__Try it__
Every line of the data below needs to be reproduced exactly.

-- Source information follows --

lemma node_prod_nonzero: "finite X \<Longrightarrow> node_prod X x \<noteq> 0"
  unfolding node_prod_def by (auto simp: prod_zero_iff)

lemma moment_eq_lagrange_sum:
  assumes "finite X"
  shows "(of_int (moment X e) :: rat) = of_int (disc X) * lagrange_sum (of_int ` X) e"
proof -
  have inj: "inj_on (of_int :: int \<Rightarrow> rat) S" for S by (auto simp: inj_on_def)
  have node: "(of_int (node_prod X x) :: rat) = (\<Prod>y\<in>of_int ` X - {of_int x}. (of_int x - y))"
    for x
  proof -
    have "of_int ` X - {(of_int x :: rat)} = of_int ` (X - {x})" by auto
    then show ?thesis unfolding node_prod_def using inj by (simp add: prod.reindex)
  qed
  have weight: "(of_int (node_weight X x) :: rat) = of_int (disc X) / of_int (node_prod X x)"
    if "x \<in> X" for x
  proof -
    have "disc X = node_prod X x * node_weight X x"
      unfolding disc_def node_weight_def using assms that by (simp add: prod.remove)
    then show ?thesis using node_prod_nonzero[OF assms, of x] by simp
  qed
  have "(of_int (moment X e) :: rat)
      = (\<Sum>x\<in>X. of_int x ^ e * (of_int (disc X) / of_int (node_prod X x)))"
    unfolding moment_def by (simp add: weight)
  also have "\<dots> = of_int (disc X) *
      (\<Sum>x\<in>X. of_int x ^ e / (\<Prod>y\<in>of_int ` X - {of_int x}. (of_int x - y)))"
    by (simp add: sum_distrib_left node mult.commute)
  also have "\<dots> = of_int (disc X) * lagrange_sum (of_int ` X) e"
    unfolding lagrange_sum_def using inj by (simp add: sum.reindex)
  finally show ?thesis .
qed

lemma moment_values:
  assumes "finite X" "card X = Suc n"
  shows moment_low: "e < n \<Longrightarrow> moment X e = 0" and moment_top: "moment X n = disc X"
proof -
  have "inj_on (of_int :: int \<Rightarrow> rat) X" by (auto simp: inj_on_def)
  then have "finite ((of_int :: int \<Rightarrow> rat) ` X)" "card ((of_int :: int \<Rightarrow> rat) ` X) = Suc n"
    using assms by (auto simp: card_image)
  note lagrange = lagrange_sum_values[OF this] moment_eq_lagrange_sum[OF assms(1)]
  show "e < n \<Longrightarrow> moment X e = 0"
  proof -
    assume "e < n"
    then have "(of_int (moment X e) :: rat) = 0" using lagrange by simp
    then show ?thesis by simp
  qed
  have "(of_int (moment X n) :: rat) = of_int (disc X)" using lagrange by simp
  then show "moment X n = disc X" by simp
qed

section \<open>Weighted sums over a grid and their coefficient extraction\<close>

text \<open>Summing g against the integer weights over X1 x X2 x X3; for polynomials g of small
  degree this extracts a scaled top coefficient (Combinatorial Nullstellensatz).\<close>
definition tri_sum :: "int set \<Rightarrow> int set \<Rightarrow> int set \<Rightarrow> (int \<Rightarrow> int \<Rightarrow> int \<Rightarrow> int) \<Rightarrow> int" where
  "tri_sum X1 X2 X3 g = (\<Sum>x1\<in>X1. \<Sum>x2\<in>X2. \<Sum>x3\<in>X3.
      g x1 x2 x3 * node_weight X1 x1 * node_weight X2 x2 * node_weight X3 x3)"

lemma tri_sum_monomial:
  "tri_sum X1 X2 X3 (\<lambda>x1 x2 x3. x1^e1 * x2^e2 * x3^e3) = moment X1 e1 * moment X2 e2 * moment X3 e3"
proof -
  have "tri_sum X1 X2 X3 (\<lambda>x1 x2 x3. x1^e1 * x2^e2 * x3^e3) =
      (\<Sum>x1\<in>X1. \<Sum>x2\<in>X2. \<Sum>x3\<in>X3. (x1^e1 * node_weight X1 x1) *
         ((x2^e2 * node_weight X2 x2) * (x3^e3 * node_weight X3 x3)))"
    unfolding tri_sum_def by (simp add: mult_ac)
  also have "\<dots> = moment X1 e1 * (moment X2 e2 * moment X3 e3)"
    unfolding moment_def by (simp only: sum_distrib_left[symmetric] sum_distrib_right[symmetric])
  finally show ?thesis by (simp add: mult_ac)
qed

lemma tri_sum_sum:
  "tri_sum X1 X2 X3 (\<lambda>x1 x2 x3. \<Sum>j\<in>J. G j x1 x2 x3) = (\<Sum>j\<in>J. tri_sum X1 X2 X3 (G j))"
proof -
  have "tri_sum X1 X2 X3 (\<lambda>x1 x2 x3. \<Sum>j\<in>J. G j x1 x2 x3) =
    (\<Sum>x1\<in>X1. \<Sum>x2\<in>X2. \<Sum>x3\<in>X3. \<Sum>j\<in>J.
       G j x1 x2 x3 * node_weight X1 x1 * node_weight X2 x2 * node_weight X3 x3)"
    unfolding tri_sum_def by (simp add: sum_distrib_right)
  also have "\<dots> = (\<Sum>j\<in>J. \<Sum>x1\<in>X1. \<Sum>x2\<in>X2. \<Sum>x3\<in>X3.
       G j x1 x2 x3 * node_weight X1 x1 * node_weight X2 x2 * node_weight X3 x3)"
    by (simp only: sum.swap[of _ J])
  finally show ?thesis unfolding tri_sum_def .
qed

lemma tri_sum_cmult: "tri_sum X1 X2 X3 (\<lambda>x1 x2 x3. c * G x1 x2 x3) = c * tri_sum X1 X2 X3 G"
  unfolding tri_sum_def by (simp add: sum_distrib_left mult_ac)

lemma tri_sum_add:
  "tri_sum X1 X2 X3 (\<lambda>x1 x2 x3. F x1 x2 x3 + G x1 x2 x3) = tri_sum X1 X2 X3 F + tri_sum X1 X2 X3 G"
  unfolding tri_sum_def by (simp add: sum.distrib algebra_simps)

-- Source information concluded --

__Task output__
lemma node_prod_nonzero: "finite X \<Longrightarrow> node_prod X x \<noteq> 0"
  unfolding node_prod_def by (auto simp: prod_zero_iff)

lemma moment_eq_lagrange_sum:
  assumes "finite X"
  shows "(of_int (moment X e) :: rat) = of_int (disc X) * lagrange_sum (of_int ` X) e"
proof -
  have inj: "inj_on (of_int :: int \<Rightarrow> rat) S" for S by (auto simp: inj_on_def)
  have node: "(of_int (node_prod X x) :: rat) = (\<Prod>y\<in>of_int ` X - {of_int x}. (of_int x - y))"
    for x
  proof -
    have "of_int ` X - {(of_int x :: rat)} = of_int ` (X - {x})" by auto
    then show ?thesis unfolding node_prod_def using inj by (simp add: prod.reindex)
  qed
  have weight: "(of_int (node_weight X x) :: rat) = of_int (disc X) / of_int (node_prod X x)"
    if "x \<in> X" for x
  proof -
    have "disc X = node_prod X x * node_weight X x"
      unfolding disc_def node_weight_def using assms that by (simp add: prod.remove)
    then show ?thesis using node_prod_nonzero[OF assms, of x] by simp
  qed
  have "(of_int (moment X e) :: rat)
      = (\<Sum>x\<in>X. of_int x ^ e * (of_int (disc X) / of_int (node_prod X x)))"
    unfolding moment_def by (simp add: weight)
  also have "\<dots> = of_int (disc X) *
      (\<Sum>x\<in>X. of_int x ^ e / (\<Prod>y\<in>of_int ` X - {of_int x}. (of_int x - y)))"
    by (simp add: sum_distrib_left node mult.commute)
  also have "\<dots> = of_int (disc X) * lagrange_sum (of_int ` X) e"
    unfolding lagrange_sum_def using inj by (simp add: sum.reindex)
  finally show ?thesis .
qed

lemma moment_values:
  assumes "finite X" "card X = Suc n"
  shows moment_low: "e < n \<Longrightarrow> moment X e = 0" and moment_top: "moment X n = disc X"
proof -
  have "inj_on (of_int :: int \<Rightarrow> rat) X" by (auto simp: inj_on_def)
  then have "finite ((of_int :: int \<Rightarrow> rat) ` X)" "card ((of_int :: int \<Rightarrow> rat) ` X) = Suc n"
    using assms by (auto simp: card_image)
  note lagrange = lagrange_sum_values[OF this] moment_eq_lagrange_sum[OF assms(1)]
  show "e < n \<Longrightarrow> moment X e = 0"
  proof -
    assume "e < n"
    then have "(of_int (moment X e) :: rat) = 0" using lagrange by simp
    then show ?thesis by simp
  qed
  have "(of_int (moment X n) :: rat) = of_int (disc X)" using lagrange by simp
  then show "moment X n = disc X" by simp
qed

section \<open>Weighted sums over a grid and their coefficient extraction\<close>

text \<open>Summing g against the integer weights over X1 x X2 x X3; for polynomials g of small
  degree this extracts a scaled top coefficient (Combinatorial Nullstellensatz).\<close>
definition tri_sum :: "int set \<Rightarrow> int set \<Rightarrow> int set \<Rightarrow> (int \<Rightarrow> int \<Rightarrow> int \<Rightarrow> int) \<Rightarrow> int" where
  "tri_sum X1 X2 X3 g = (\<Sum>x1\<in>X1. \<Sum>x2\<in>X2. \<Sum>x3\<in>X3.
      g x1 x2 x3 * node_weight X1 x1 * node_weight X2 x2 * node_weight X3 x3)"

lemma tri_sum_monomial:
  "tri_sum X1 X2 X3 (\<lambda>x1 x2 x3. x1^e1 * x2^e2 * x3^e3) = moment X1 e1 * moment X2 e2 * moment X3 e3"
proof -
  have "tri_sum X1 X2 X3 (\<lambda>x1 x2 x3. x1^e1 * x2^e2 * x3^e3) =
      (\<Sum>x1\<in>X1. \<Sum>x2\<in>X2. \<Sum>x3\<in>X3. (x1^e1 * node_weight X1 x1) *
         ((x2^e2 * node_weight X2 x2) * (x3^e3 * node_weight X3 x3)))"
    unfolding tri_sum_def by (simp add: mult_ac)
  also have "\<dots> = moment X1 e1 * (moment X2 e2 * moment X3 e3)"
    unfolding moment_def by (simp only: sum_distrib_left[symmetric] sum_distrib_right[symmetric])
  finally show ?thesis by (simp add: mult_ac)
qed

lemma tri_sum_sum:
  "tri_sum X1 X2 X3 (\<lambda>x1 x2 x3. \<Sum>j\<in>J. G j x1 x2 x3) = (\<Sum>j\<in>J. tri_sum X1 X2 X3 (G j))"
proof -
  have "tri_sum X1 X2 X3 (\<lambda>x1 x2 x3. \<Sum>j\<in>J. G j x1 x2 x3) =
    (\<Sum>x1\<in>X1. \<Sum>x2\<in>X2. \<Sum>x3\<in>X3. \<Sum>j\<in>J.
       G j x1 x2 x3 * node_weight X1 x1 * node_weight X2 x2 * node_weight X3 x3)"
    unfolding tri_sum_def by (simp add: sum_distrib_right)
  also have "\<dots> = (\<Sum>j\<in>J. \<Sum>x1\<in>X1. \<Sum>x2\<in>X2. \<Sum>x3\<in>X3.
       G j x1 x2 x3 * node_weight X1 x1 * node_weight X2 x2 * node_weight X3 x3)"
    by (simp only: sum.swap[of _ J])
  finally show ?thesis unfolding tri_sum_def .
qed

lemma tri_sum_cmult: "tri_sum X1 X2 X3 (\<lambda>x1 x2 x3. c * G x1 x2 x3) = c * tri_sum X1 X2 X3 G"
  unfolding tri_sum_def by (simp add: sum_distrib_left mult_ac)

lemma tri_sum_add:
  "tri_sum X1 X2 X3 (\<lambda>x1 x2 x3. F x1 x2 x3 + G x1 x2 x3) = tri_sum X1 X2 X3 F + tri_sum X1 X2 X3 G"
  unfolding tri_sum_def by (simp add: sum.distrib algebra_simps)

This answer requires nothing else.